(* Let $Y$ be a set, $\Lambda$ an index set, and for each $\ell\in\Lambda$ let $\rho_\ell:Y\to Y_\ell$ be a surjective map onto a finite set $Y_\ell$. Let $(X,\mu)$ be a measure space with $\mu(X)<\infty$ and $F:X\to Y$, $x\mapsto F_x$, a map such that each set $\{x\in X\mid \rho_\ell(F_x)=y\}$ is measurable. For each $\ell\in\Lambda$ let $\nu_\ell$ be a probability density on $Y_\ell$ with $\nu_\ell(y)>0$ for all $y$, and let $\mathcal{B}_\ell$ be an orthonormal basis of the space $L^2(Y_\ell)$ of functions on $Y_\ell$ with inner product $\langle f,g\rangle=\sum_y\nu_\ell(y)f(y)\overline{g(y)}$, such that $\mathcal{B}_\ell$ contains the constant function $1$; put $\mathcal{B}_\ell^*=\mathcal{B}_\ell\setminus\{1\}$. For a finite subset $m\subset\Lambda$ let $Y_m=\prod_{\ell\in m}Y_\ell$, $\rho_m=(\rho_\ell)_{\ell\in m}:Y\to Y_m$, and $\mathcal{B}_m^*$ the set of functions $(y_\ell)\mapsto\prod_{\ell\in m}\varphi_\ell(y_\ell)$ with $\varphi_\ell\in\mathcal{B}_\ell^*$ (for $m=\emptyset$, $Y_m$ is a point and $\mathcal{B}_m^*=\{1\}$). Let $\mathcal{L}^*\subset\Lambda$ be finite, let $\mathcal{L}$ be a finite set of finite subsets of $\Lambda$ such that every element of every $m\in\mathcal{L}$ lies in $\mathcal{L}^*$ and $\{\ell\}\in\mathcal{L}$ for every $\ell\in\mathcal{L}^*$, and let $\Delta$ be the smallest non-negative real number such that $$\sum_{m\in\mathcal{L}}\sum_{\varphi\in\mathcal{B}_m^*}\Big|\int_X\alpha(x)\varphi(\rho_m(F_x))\,d\mu(x)\Big|^2\leq\Delta\int_X|\alpha(x)|^2\,d\mu(x)$$ for every square-integrable $\alpha:X\to\mathbf{C}$. Then for arbitrary subsets $\Omega_\ell\subset Y_\ell$ ($\ell\in\mathcal{L}^*$), the set $S(X,\Omega;\mathcal{L}^* )=\{x\in X\mid \rho_\ell(F_x)\notin\Omega_\ell \text{ for all } \ell\in\mathcal{L}^*\}$ satisfies $$\mu(S(X,\Omega;\mathcal{L}^* ))\leq\Delta H^{-1},\qquad H=\sum_{m\in\mathcal{L}}\prod_{\ell\in m}\frac{\nu_\ell(\Omega_\ell)}{1-\nu_\ell(\Omega_\ell)},$$ where $\nu_\ell(\Omega_\ell)=\sum_{y\in\Omega_\ell}\nu_\ell(y)$. *)

theory Defs
  imports "HOL-Analysis.Analysis"
begin

definition nu_inner :: "('z \<Rightarrow> real) \<Rightarrow> 'z set \<Rightarrow> ('z \<Rightarrow> complex) \<Rightarrow> ('z \<Rightarrow> complex) \<Rightarrow> complex" where
  "nu_inner \<nu> A f g = (\<Sum>y\<in>A. complex_of_real (\<nu> y) * f y * cnj (g y))"

definition nu_orthonormal_basis :: "('z \<Rightarrow> real) \<Rightarrow> 'z set \<Rightarrow> ('z \<Rightarrow> complex) set \<Rightarrow> bool" where
  "nu_orthonormal_basis \<nu> A B \<longleftrightarrow>
     finite B \<and>
     (\<forall>\<phi>\<in>B. \<forall>\<psi>\<in>B. nu_inner \<nu> A \<phi> \<psi> = (if \<phi> = \<psi> then 1 else 0)) \<and>
     (\<forall>f :: 'z \<Rightarrow> complex. \<exists>c. \<forall>y\<in>A. f y = (\<Sum>\<phi>\<in>B. c \<phi> * \<phi> y))"

definition rho_m :: "('l \<Rightarrow> 'y \<Rightarrow> 'z) \<Rightarrow> 'l set \<Rightarrow> 'y \<Rightarrow> ('l \<Rightarrow> 'z)" where
  "rho_m \<rho> m u = restrict (\<lambda>l. \<rho> l u) m"

definition Bstar_m :: "('l \<Rightarrow> ('z \<Rightarrow> complex) set) \<Rightarrow> 'l set \<Rightarrow> (('l \<Rightarrow> 'z) \<Rightarrow> complex) set" where
  "Bstar_m B m = {(\<lambda>y. \<Prod>l\<in>m. \<phi> l (y l)) | \<phi>. \<forall>l\<in>m. \<phi> l \<in> B l - {(\<lambda>_. 1)}}"

definition square_integrable :: "'x measure \<Rightarrow> ('x \<Rightarrow> complex) \<Rightarrow> bool" where
  "square_integrable M \<alpha> \<longleftrightarrow> \<alpha> \<in> borel_measurable M \<and> integrable M (\<lambda>x. (cmod (\<alpha> x))\<^sup>2)"

definition nu_set :: "('z \<Rightarrow> real) \<Rightarrow> 'z set \<Rightarrow> real" where
  "nu_set \<nu> \<Omega> = (\<Sum>y\<in>\<Omega>. \<nu> y)"

end

theory Submission
  imports Defs
begin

=====

--- What to do ---
The entries above must be retyped exactly, down to the last character.

--- Task response ---
(* Let $Y$ be a set, $\Lambda$ an index set, and for each $\ell\in\Lambda$ let $\rho_\ell:Y\to Y_\ell$ be a surjective map onto a finite set $Y_\ell$. Let $(X,\mu)$ be a measure space with $\mu(X)<\infty$ and $F:X\to Y$, $x\mapsto F_x$, a map such that each set $\{x\in X\mid \rho_\ell(F_x)=y\}$ is measurable. For each $\ell\in\Lambda$ let $\nu_\ell$ be a probability density on $Y_\ell$ with $\nu_\ell(y)>0$ for all $y$, and let $\mathcal{B}_\ell$ be an orthonormal basis of the space $L^2(Y_\ell)$ of functions on $Y_\ell$ with inner product $\langle f,g\rangle=\sum_y\nu_\ell(y)f(y)\overline{g(y)}$, such that $\mathcal{B}_\ell$ contains the constant function $1$; put $\mathcal{B}_\ell^*=\mathcal{B}_\ell\setminus\{1\}$. For a finite subset $m\subset\Lambda$ let $Y_m=\prod_{\ell\in m}Y_\ell$, $\rho_m=(\rho_\ell)_{\ell\in m}:Y\to Y_m$, and $\mathcal{B}_m^*$ the set of functions $(y_\ell)\mapsto\prod_{\ell\in m}\varphi_\ell(y_\ell)$ with $\varphi_\ell\in\mathcal{B}_\ell^*$ (for $m=\emptyset$, $Y_m$ is a point and $\mathcal{B}_m^*=\{1\}$). Let $\mathcal{L}^*\subset\Lambda$ be finite, let $\mathcal{L}$ be a finite set of finite subsets of $\Lambda$ such that every element of every $m\in\mathcal{L}$ lies in $\mathcal{L}^*$ and $\{\ell\}\in\mathcal{L}$ for every $\ell\in\mathcal{L}^*$, and let $\Delta$ be the smallest non-negative real number such that $$\sum_{m\in\mathcal{L}}\sum_{\varphi\in\mathcal{B}_m^*}\Big|\int_X\alpha(x)\varphi(\rho_m(F_x))\,d\mu(x)\Big|^2\leq\Delta\int_X|\alpha(x)|^2\,d\mu(x)$$ for every square-integrable $\alpha:X\to\mathbf{C}$. Then for arbitrary subsets $\Omega_\ell\subset Y_\ell$ ($\ell\in\mathcal{L}^*$), the set $S(X,\Omega;\mathcal{L}^* )=\{x\in X\mid \rho_\ell(F_x)\notin\Omega_\ell \text{ for all } \ell\in\mathcal{L}^*\}$ satisfies $$\mu(S(X,\Omega;\mathcal{L}^* ))\leq\Delta H^{-1},\qquad H=\sum_{m\in\mathcal{L}}\prod_{\ell\in m}\frac{\nu_\ell(\Omega_\ell)}{1-\nu_\ell(\Omega_\ell)},$$ where $\nu_\ell(\Omega_\ell)=\sum_{y\in\Omega_\ell}\nu_\ell(y)$. *)

theory Defs
  imports "HOL-Analysis.Analysis"
begin

definition nu_inner :: "('z \<Rightarrow> real) \<Rightarrow> 'z set \<Rightarrow> ('z \<Rightarrow> complex) \<Rightarrow> ('z \<Rightarrow> complex) \<Rightarrow> complex" where
  "nu_inner \<nu> A f g = (\<Sum>y\<in>A. complex_of_real (\<nu> y) * f y * cnj (g y))"

definition nu_orthonormal_basis :: "('z \<Rightarrow> real) \<Rightarrow> 'z set \<Rightarrow> ('z \<Rightarrow> complex) set \<Rightarrow> bool" where
  "nu_orthonormal_basis \<nu> A B \<longleftrightarrow>
     finite B \<and>
     (\<forall>\<phi>\<in>B. \<forall>\<psi>\<in>B. nu_inner \<nu> A \<phi> \<psi> = (if \<phi> = \<psi> then 1 else 0)) \<and>
     (\<forall>f :: 'z \<Rightarrow> complex. \<exists>c. \<forall>y\<in>A. f y = (\<Sum>\<phi>\<in>B. c \<phi> * \<phi> y))"

definition rho_m :: "('l \<Rightarrow> 'y \<Rightarrow> 'z) \<Rightarrow> 'l set \<Rightarrow> 'y \<Rightarrow> ('l \<Rightarrow> 'z)" where
  "rho_m \<rho> m u = restrict (\<lambda>l. \<rho> l u) m"

definition Bstar_m :: "('l \<Rightarrow> ('z \<Rightarrow> complex) set) \<Rightarrow> 'l set \<Rightarrow> (('l \<Rightarrow> 'z) \<Rightarrow> complex) set" where
  "Bstar_m B m = {(\<lambda>y. \<Prod>l\<in>m. \<phi> l (y l)) | \<phi>. \<forall>l\<in>m. \<phi> l \<in> B l - {(\<lambda>_. 1)}}"

definition square_integrable :: "'x measure \<Rightarrow> ('x \<Rightarrow> complex) \<Rightarrow> bool" where
  "square_integrable M \<alpha> \<longleftrightarrow> \<alpha> \<in> borel_measurable M \<and> integrable M (\<lambda>x. (cmod (\<alpha> x))\<^sup>2)"

definition nu_set :: "('z \<Rightarrow> real) \<Rightarrow> 'z set \<Rightarrow> real" where
  "nu_set \<nu> \<Omega> = (\<Sum>y\<in>\<Omega>. \<nu> y)"

end

theory Submission
  imports Defs
begin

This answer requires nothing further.